* [TRY IT]: Could you restate word for word every line of the records below, from the first one to the one holding "define B' where"?

* [RECORDS FOR THE TASK]:
lemma uniform_limit_scaled_shifted_poly:
  assumes fin: "finite {\<alpha>. a \<alpha> \<noteq> 0}" and van: "vanishes_to_order_at_least a M"
    and bounded: "\<And>w. w \<in> S \<Longrightarrow> norm (\<phi> w) \<le> B"
    and t: "\<And>n. 0 < t n" "t \<longlonglongrightarrow> 0"
  shows "uniform_limit S (\<lambda>n w. shifted_poly a (t n *\<^sub>R \<phi> w) / of_real (t n) ^ M)
    (\<lambda>w. hom_part a M (\<phi> w)) sequentially"
  unfolding uniform_limit_iff
proof (intro allI impI)
  fix e :: real assume "0 < e"
  obtain C where C: "C \<ge> 0" and bound: "\<And>t \<zeta>. 0 < t \<Longrightarrow> t * norm \<zeta> \<le> 1 \<Longrightarrow>
      norm (shifted_poly a (t *\<^sub>R \<zeta>) / of_real t ^ M - hom_part a M \<zeta>) \<le> C * norm \<zeta> ^ Suc M * t"
    using scaled_shifted_poly_bound[OF fin van] by blast
  define B' where "B' = max B 0 + 1"
  have B': "0 < B'" "\<And>w. w \<in> S \<Longrightarrow> norm (\<phi> w) \<le> B'"
    using bounded unfolding B'_def by (auto intro: order_trans[of _ B])
  have "\<forall>\<^sub>F n in sequentially. t n * B' < 1"
    using order_tendstoD(2)[OF tendsto_mult_left_zero[OF t(2)] zero_less_one] .
  moreover have "\<forall>\<^sub>F n in sequentially. C * B' ^ Suc M * t n < e"
    using order_tendstoD(2)[OF tendsto_mult_right_zero[OF t(2)] \<open>0 < e\<close>] .
  ultimately have "\<forall>\<^sub>F n in sequentially. t n * B' < 1 \<and> C * B' ^ Suc M * t n < e"
    by (rule eventually_conj)
  then show "\<forall>\<^sub>F n in sequentially. \<forall>w\<in>S.
      dist (shifted_poly a (t n *\<^sub>R \<phi> w) / of_real (t n) ^ M) (hom_part a M (\<phi> w)) < e"
  proof (rule eventually_mono, intro ballI)
    fix n w assume n: "t n * B' < 1 \<and> C * B' ^ Suc M * t n < e" and "w \<in> S"
    then have "norm (\<phi> w) \<le> B'" by (intro B'(2))
    then have "t n * norm (\<phi> w) \<le> 1"
      using n t(1)[of n] by (meson less_imp_le mult_left_mono order_trans)
    then have "dist (shifted_poly a (t n *\<^sub>R \<phi> w) / of_real (t n) ^ M) (hom_part a M (\<phi> w))
        \<le> C * norm (\<phi> w) ^ Suc M * t n"
      using bound[OF t(1)] by (simp add: dist_norm)
    also have "\<dots> \<le> C * B' ^ Suc M * t n"
      using C t(1)[of n] \<open>norm (\<phi> w) \<le> B'\<close>
      by (intro mult_right_mono mult_left_mono power_mono) auto
    also have "\<dots> < e" using n by simp
    finally show "dist (shifted_poly a (t n *\<^sub>R \<phi> w) / of_real (t n) ^ M) (hom_part a M (\<phi> w)) < e" .
  qed
qed

lemma scaleR_add_smult:
  fixes A B :: "'a::real_algebra_1 ^ 'n"
  shows "t *\<^sub>R (A + w *s B) = t *\<^sub>R A + w *s (t *\<^sub>R B)"
  by (simp add: vec_eq_iff scaleR_add_right)

lemma line_through_RHP_d_bounds:
  fixes \<zeta>0 v :: "complex^'d::finite"
  assumes "\<zeta>0 \<in> RHP_d"
  obtains r m B where "0 < r" "0 < m" "0 < B"
    and "\<And>w i. w \<in> ball 0 r \<Longrightarrow> m < Re ((\<zeta>0 + w *s v) $ i)"
    and "\<And>w. w \<in> ball 0 r \<Longrightarrow> norm (\<zeta>0 + w *s v) \<le> B"
proof -
  obtain m where m: "0 < m" "\<And>\<zeta> i. \<zeta> \<in> ball \<zeta>0 m \<Longrightarrow> m < Re (\<zeta> $ i)"
    using assms RHP_d_ball_Re_gt by blast
  define r where "r = m / (norm v + 1)"
  have r: "0 < r" unfolding r_def using m(1) by (simp add: add_nonneg_pos)
  have line: "\<zeta>0 + w *s v \<in> ball \<zeta>0 m" if "w \<in> ball 0 r" for w
    using add_smult_in_ball[OF m(1)] that unfolding r_def .
  have "norm (\<zeta>0 + w *s v) \<le> norm \<zeta>0 + m" if "w \<in> ball 0 r" for w
    using line[OF that] norm_triangle_ineq2[of "\<zeta>0 + w *s v" \<zeta>0]
    by (simp add: dist_norm norm_minus_commute)
  moreover have "0 < norm \<zeta>0 + m" using m(1) by (simp add: add_nonneg_pos)
  ultimately show thesis using that r m(1) m(2)[OF line] by blast
qed

lemma hom_part_nonzero_on_RHP_d:
  assumes fin: "finite {\<alpha>. a \<alpha> \<noteq> 0}" and nz: "\<forall>z\<in>polydisc. poly_at_u a z \<noteq> 0"
    and vto: "vanishes_to_order a M" and "\<zeta>0 \<in> RHP_d"
  shows "hom_part a M \<zeta>0 \<noteq> 0"
proof
  assume P0: "hom_part a M \<zeta>0 = 0"
  obtain \<zeta>1 where P1: "hom_part a M \<zeta>1 \<noteq> 0" using vto by (auto simp: vanishes_to_order_def)
  define v where "v = \<zeta>1 - \<zeta>0"
  obtain r m B where r: "0 < r" and "0 < m" "0 < B"
    and Re_line: "\<And>w i. w \<in> ball 0 r \<Longrightarrow> m < Re ((\<zeta>0 + w *s v) $ i)"
    and norm_line: "\<And>w. w \<in> ball 0 r \<Longrightarrow> norm (\<zeta>0 + w *s v) \<le> B"
    using line_through_RHP_d_bounds[OF \<open>\<zeta>0 \<in> RHP_d\<close>] by blast
  define t where "t n = m / B\<^sup>2 / real (Suc n)" for n
  have t: "0 < t n" "t n * B\<^sup>2 \<le> m" for n
  proof -
    show "0 < t n" unfolding t_def using \<open>0 < m\<close> \<open>0 < B\<close> by simp
    have "t n * B\<^sup>2 = m / real (Suc n)" unfolding t_def using \<open>0 < B\<close> by simp
    also have "\<dots> \<le> m" using \<open>0 < m\<close> by (simp add: divide_le_eq)
    finally show "t n * B\<^sup>2 \<le> m" .
  qed
  define F where "F n w = shifted_poly a (t n *\<^sub>R (\<zeta>0 + w *s v)) / of_real (t n) ^ M" for n w
  define g where "g w = hom_part a M (\<zeta>0 + w *s v)" for w
  have g_holo: "g holomorphic_on S" for S unfolding g_def by (rule hom_part_holomorphic_on_line)
  have "g 0 \<noteq> 0"
  proof (rule Hurwitz_no_zeros[of "ball 0 r" F g])
    show "F n holomorphic_on ball 0 r" for n
      unfolding F_def scaleR_add_smult
      by (intro holomorphic_intros shifted_poly_holomorphic_on_line) (use t in auto)
    show "uniform_limit K F g sequentially" if "K \<subseteq> ball 0 r" for K
      unfolding F_def g_def
    proof (rule uniform_limit_scaled_shifted_poly[OF fin vanishes_to_order_imp_at_least[OF vto], where B = B])
      show "t \<longlonglongrightarrow> 0" unfolding t_def by (rule LIMSEQ_Suc[OF lim_const_over_n])
    qed (use that norm_line t in auto)
    show "F n w \<noteq> 0" if "w \<in> ball 0 r" for n w
    proof -
      have "uvec - t n *\<^sub>R (\<zeta>0 + w *s v) \<in> polydisc"
        by (rule uvec_minus_scaleR_in_polydisc[where m = m and B = B]) (use that Re_line norm_line t in auto)
      then have "shifted_poly a (t n *\<^sub>R (\<zeta>0 + w *s v)) \<noteq> 0" using nz by (metis poly_at_u_diff)
      then show ?thesis using t(1)[of n] by (simp add: F_def)
    qed
    show "\<not> g constant_on ball 0 r"
    proof
      assume "g constant_on ball 0 r"
      then obtain y where "\<And>w. w \<in> ball 0 r \<Longrightarrow> g w = y" by (auto simp: constant_on_def)
      moreover have "g 0 = 0" using P0 by (simp add: g_def)
      ultimately have "g w = 0" if "w \<in> ball 0 r" for w using that r by force
      then have "g 1 = 0"
        using analytic_continuation_open[of "ball 0 r" UNIV g "\<lambda>_. 0" 1] r g_holo by auto
      then show False using P1 by (simp add: g_def v_def)
    qed
  qed (use r g_holo in auto)
  then show False using P0 by (simp add: g_def)
qed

* [RESPONSE]:
lemma uniform_limit_scaled_shifted_poly:
  assumes fin: "finite {\<alpha>. a \<alpha> \<noteq> 0}" and van: "vanishes_to_order_at_least a M"
    and bounded: "\<And>w. w \<in> S \<Longrightarrow> norm (\<phi> w) \<le> B"
    and t: "\<And>n. 0 < t n" "t \<longlonglongrightarrow> 0"
  shows "uniform_limit S (\<lambda>n w. shifted_poly a (t n *\<^sub>R \<phi> w) / of_real (t n) ^ M)
    (\<lambda>w. hom_part a M (\<phi> w)) sequentially"
  unfolding uniform_limit_iff
proof (intro allI impI)
  fix e :: real assume "0 < e"
  obtain C where C: "C \<ge> 0" and bound: "\<And>t \<zeta>. 0 < t \<Longrightarrow> t * norm \<zeta> \<le> 1 \<Longrightarrow>
      norm (shifted_poly a (t *\<^sub>R \<zeta>) / of_real t ^ M - hom_part a M \<zeta>) \<le> C * norm \<zeta> ^ Suc M * t"
    using scaled_shifted_poly_bound[OF fin van] by blast
  define B' where "B' = max B 0 + 1"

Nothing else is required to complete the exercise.